◆ What is required
Among the entries below, find the lines holding "union" and copy them.

◆ Records for the exercise
================
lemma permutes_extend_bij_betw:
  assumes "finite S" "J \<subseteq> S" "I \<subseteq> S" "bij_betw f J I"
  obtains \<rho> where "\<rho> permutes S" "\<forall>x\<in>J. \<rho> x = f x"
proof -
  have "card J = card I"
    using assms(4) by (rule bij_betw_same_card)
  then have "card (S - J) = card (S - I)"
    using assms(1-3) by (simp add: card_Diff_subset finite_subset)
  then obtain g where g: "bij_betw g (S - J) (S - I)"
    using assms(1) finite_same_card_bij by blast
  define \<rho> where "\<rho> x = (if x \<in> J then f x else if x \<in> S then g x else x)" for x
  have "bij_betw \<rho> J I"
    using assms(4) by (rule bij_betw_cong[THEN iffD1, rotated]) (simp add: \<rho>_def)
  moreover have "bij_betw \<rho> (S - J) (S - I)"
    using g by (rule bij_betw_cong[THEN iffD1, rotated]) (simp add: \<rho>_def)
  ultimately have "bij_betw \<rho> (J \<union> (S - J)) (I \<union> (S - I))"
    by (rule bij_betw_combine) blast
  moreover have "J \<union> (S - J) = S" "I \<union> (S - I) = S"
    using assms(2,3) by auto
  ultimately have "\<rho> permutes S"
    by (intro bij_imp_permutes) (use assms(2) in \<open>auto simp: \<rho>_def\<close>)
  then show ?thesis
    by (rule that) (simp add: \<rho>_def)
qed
================
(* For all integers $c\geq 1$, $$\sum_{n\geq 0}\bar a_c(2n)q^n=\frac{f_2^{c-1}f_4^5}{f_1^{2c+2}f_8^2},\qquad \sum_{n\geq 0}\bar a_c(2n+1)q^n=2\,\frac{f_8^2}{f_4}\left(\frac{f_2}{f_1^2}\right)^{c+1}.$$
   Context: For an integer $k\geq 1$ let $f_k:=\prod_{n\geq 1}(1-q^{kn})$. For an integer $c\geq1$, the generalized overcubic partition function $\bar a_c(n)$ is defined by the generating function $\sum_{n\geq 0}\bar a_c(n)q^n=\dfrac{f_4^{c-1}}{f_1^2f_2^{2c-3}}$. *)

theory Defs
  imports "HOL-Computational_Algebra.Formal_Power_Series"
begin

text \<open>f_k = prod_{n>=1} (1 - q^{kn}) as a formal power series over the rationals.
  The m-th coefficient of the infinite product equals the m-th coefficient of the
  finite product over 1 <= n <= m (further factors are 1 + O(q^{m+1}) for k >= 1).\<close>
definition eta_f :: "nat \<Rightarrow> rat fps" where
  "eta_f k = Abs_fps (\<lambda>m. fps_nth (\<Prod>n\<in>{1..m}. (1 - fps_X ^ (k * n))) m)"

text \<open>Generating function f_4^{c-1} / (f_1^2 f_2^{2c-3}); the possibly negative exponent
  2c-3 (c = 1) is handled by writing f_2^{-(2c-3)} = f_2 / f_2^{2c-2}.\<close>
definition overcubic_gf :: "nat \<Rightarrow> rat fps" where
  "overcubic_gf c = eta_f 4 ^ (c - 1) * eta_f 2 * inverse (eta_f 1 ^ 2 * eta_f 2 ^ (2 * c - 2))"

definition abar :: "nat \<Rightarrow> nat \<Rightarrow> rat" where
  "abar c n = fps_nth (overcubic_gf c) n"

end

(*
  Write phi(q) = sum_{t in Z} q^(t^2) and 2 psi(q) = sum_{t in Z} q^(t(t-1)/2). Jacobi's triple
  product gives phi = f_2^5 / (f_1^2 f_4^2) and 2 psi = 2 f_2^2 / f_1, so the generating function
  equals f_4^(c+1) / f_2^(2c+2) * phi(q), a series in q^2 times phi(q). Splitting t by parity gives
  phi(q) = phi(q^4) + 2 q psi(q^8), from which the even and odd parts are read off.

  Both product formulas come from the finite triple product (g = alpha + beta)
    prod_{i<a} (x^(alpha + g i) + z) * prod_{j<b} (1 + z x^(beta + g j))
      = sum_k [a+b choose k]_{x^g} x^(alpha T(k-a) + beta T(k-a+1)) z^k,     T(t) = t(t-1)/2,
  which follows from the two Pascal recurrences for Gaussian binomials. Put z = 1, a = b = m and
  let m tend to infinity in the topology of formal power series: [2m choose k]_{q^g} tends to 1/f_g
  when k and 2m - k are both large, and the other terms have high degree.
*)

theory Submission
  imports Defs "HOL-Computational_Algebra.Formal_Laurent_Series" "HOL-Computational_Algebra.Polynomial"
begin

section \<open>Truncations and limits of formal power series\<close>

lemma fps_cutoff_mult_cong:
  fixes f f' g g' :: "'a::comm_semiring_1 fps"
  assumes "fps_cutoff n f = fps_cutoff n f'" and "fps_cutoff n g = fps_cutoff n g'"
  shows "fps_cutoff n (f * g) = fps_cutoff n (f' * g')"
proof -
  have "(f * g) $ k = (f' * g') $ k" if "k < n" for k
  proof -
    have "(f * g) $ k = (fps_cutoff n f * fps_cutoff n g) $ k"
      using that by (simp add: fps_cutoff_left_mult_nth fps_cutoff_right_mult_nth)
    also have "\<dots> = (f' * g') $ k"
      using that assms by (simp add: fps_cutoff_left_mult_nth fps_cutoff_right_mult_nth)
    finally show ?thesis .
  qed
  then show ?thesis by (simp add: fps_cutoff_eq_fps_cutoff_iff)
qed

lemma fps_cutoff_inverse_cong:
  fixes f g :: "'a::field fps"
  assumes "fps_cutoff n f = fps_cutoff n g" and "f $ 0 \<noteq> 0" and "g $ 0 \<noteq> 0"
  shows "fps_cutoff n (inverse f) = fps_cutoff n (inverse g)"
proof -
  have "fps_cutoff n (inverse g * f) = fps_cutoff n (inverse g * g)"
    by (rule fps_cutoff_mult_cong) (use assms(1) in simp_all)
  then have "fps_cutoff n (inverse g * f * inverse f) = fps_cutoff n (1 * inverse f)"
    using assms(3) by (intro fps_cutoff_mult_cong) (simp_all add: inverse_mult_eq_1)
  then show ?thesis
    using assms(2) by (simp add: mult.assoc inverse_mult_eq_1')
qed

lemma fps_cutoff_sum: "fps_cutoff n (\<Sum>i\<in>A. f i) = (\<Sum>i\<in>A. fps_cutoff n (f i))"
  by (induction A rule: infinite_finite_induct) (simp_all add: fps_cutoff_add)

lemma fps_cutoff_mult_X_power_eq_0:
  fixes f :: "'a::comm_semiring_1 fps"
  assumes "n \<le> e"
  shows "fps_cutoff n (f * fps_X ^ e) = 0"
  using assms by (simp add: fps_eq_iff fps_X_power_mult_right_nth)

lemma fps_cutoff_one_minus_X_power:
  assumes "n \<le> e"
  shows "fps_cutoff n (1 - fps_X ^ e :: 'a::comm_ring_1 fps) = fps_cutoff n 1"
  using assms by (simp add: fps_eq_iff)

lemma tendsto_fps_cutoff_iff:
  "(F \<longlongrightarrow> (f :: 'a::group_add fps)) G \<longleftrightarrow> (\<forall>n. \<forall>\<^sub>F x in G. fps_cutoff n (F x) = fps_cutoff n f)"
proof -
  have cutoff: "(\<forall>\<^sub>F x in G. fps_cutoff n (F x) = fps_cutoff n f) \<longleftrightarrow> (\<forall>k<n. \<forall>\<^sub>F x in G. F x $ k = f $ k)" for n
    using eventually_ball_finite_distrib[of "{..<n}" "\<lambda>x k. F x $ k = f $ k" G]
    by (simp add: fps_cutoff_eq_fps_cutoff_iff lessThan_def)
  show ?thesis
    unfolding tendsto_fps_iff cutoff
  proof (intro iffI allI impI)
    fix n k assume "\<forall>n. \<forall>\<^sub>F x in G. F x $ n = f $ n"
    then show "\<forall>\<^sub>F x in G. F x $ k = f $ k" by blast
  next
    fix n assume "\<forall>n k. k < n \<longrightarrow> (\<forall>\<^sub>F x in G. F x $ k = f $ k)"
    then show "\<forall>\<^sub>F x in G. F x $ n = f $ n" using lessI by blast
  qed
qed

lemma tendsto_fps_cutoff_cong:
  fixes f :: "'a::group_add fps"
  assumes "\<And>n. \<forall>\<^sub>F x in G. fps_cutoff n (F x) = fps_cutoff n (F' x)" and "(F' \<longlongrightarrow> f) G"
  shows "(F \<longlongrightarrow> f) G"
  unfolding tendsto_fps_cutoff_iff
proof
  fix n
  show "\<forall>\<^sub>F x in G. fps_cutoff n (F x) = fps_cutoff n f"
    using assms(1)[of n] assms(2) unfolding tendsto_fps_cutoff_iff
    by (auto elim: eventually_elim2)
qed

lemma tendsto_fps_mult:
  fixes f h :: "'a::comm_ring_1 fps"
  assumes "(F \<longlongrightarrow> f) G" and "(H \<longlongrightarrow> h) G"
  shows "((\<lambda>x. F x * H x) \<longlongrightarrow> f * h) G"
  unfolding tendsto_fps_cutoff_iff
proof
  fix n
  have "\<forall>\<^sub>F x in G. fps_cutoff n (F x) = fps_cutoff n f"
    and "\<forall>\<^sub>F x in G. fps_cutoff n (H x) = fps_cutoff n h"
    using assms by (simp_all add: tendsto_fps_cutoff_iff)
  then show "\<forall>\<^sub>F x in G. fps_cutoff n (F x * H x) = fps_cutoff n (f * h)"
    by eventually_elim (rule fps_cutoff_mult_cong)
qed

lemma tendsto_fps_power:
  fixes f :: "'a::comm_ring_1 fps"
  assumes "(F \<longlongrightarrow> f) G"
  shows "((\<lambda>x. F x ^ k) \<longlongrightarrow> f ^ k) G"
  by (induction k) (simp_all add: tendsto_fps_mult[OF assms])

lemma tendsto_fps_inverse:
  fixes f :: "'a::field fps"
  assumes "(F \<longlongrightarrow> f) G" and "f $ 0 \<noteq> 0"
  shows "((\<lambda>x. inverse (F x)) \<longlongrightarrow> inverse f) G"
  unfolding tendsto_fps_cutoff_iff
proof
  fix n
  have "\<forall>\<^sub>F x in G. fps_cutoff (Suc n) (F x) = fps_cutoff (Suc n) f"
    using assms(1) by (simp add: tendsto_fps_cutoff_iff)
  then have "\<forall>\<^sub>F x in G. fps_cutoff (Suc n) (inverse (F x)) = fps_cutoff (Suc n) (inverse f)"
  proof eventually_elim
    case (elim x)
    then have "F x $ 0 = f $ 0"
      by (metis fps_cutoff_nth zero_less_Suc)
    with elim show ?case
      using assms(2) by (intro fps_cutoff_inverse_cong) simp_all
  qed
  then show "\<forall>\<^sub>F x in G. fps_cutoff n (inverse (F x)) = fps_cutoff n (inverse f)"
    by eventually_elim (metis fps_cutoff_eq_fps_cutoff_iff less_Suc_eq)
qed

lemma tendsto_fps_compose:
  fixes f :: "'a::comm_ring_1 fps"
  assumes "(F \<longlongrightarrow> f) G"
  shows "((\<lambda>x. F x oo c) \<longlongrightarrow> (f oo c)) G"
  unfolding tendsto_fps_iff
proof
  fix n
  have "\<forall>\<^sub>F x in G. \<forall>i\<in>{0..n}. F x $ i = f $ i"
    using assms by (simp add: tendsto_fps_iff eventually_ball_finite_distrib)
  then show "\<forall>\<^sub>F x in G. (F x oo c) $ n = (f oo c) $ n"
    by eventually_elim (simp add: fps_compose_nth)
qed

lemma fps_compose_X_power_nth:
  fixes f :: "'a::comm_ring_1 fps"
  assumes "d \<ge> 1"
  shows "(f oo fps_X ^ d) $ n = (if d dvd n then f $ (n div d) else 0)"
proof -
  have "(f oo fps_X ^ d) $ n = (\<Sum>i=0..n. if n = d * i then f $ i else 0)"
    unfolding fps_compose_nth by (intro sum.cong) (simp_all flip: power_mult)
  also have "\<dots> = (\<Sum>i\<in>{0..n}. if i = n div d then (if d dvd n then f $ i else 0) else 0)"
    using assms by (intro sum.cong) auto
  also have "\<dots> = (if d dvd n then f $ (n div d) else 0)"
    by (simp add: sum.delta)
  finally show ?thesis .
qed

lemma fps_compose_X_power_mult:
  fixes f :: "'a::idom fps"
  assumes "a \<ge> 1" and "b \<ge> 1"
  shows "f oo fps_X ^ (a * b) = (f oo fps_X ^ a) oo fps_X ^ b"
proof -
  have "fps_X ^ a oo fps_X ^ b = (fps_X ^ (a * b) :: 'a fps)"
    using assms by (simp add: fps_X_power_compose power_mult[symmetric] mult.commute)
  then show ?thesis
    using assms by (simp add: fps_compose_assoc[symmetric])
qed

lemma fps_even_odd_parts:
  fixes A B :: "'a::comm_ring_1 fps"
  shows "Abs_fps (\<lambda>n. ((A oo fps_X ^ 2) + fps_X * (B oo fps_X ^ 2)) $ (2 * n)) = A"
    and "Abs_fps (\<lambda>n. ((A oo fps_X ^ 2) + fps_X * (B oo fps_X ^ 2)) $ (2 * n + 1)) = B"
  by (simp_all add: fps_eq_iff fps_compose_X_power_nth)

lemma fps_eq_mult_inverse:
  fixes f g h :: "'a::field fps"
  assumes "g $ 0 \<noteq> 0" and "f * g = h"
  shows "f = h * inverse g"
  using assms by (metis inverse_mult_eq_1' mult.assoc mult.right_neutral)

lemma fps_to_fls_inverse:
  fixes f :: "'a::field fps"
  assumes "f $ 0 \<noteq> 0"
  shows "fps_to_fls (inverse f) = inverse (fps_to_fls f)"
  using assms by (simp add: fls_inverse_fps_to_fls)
================
◆ Answer for the task
  ultimately have "bij_betw \<rho> (J \<union> (S - J)) (I \<union> (S - I))"
  moreover have "J \<union> (S - J) = S" "I \<union> (S - I) = S"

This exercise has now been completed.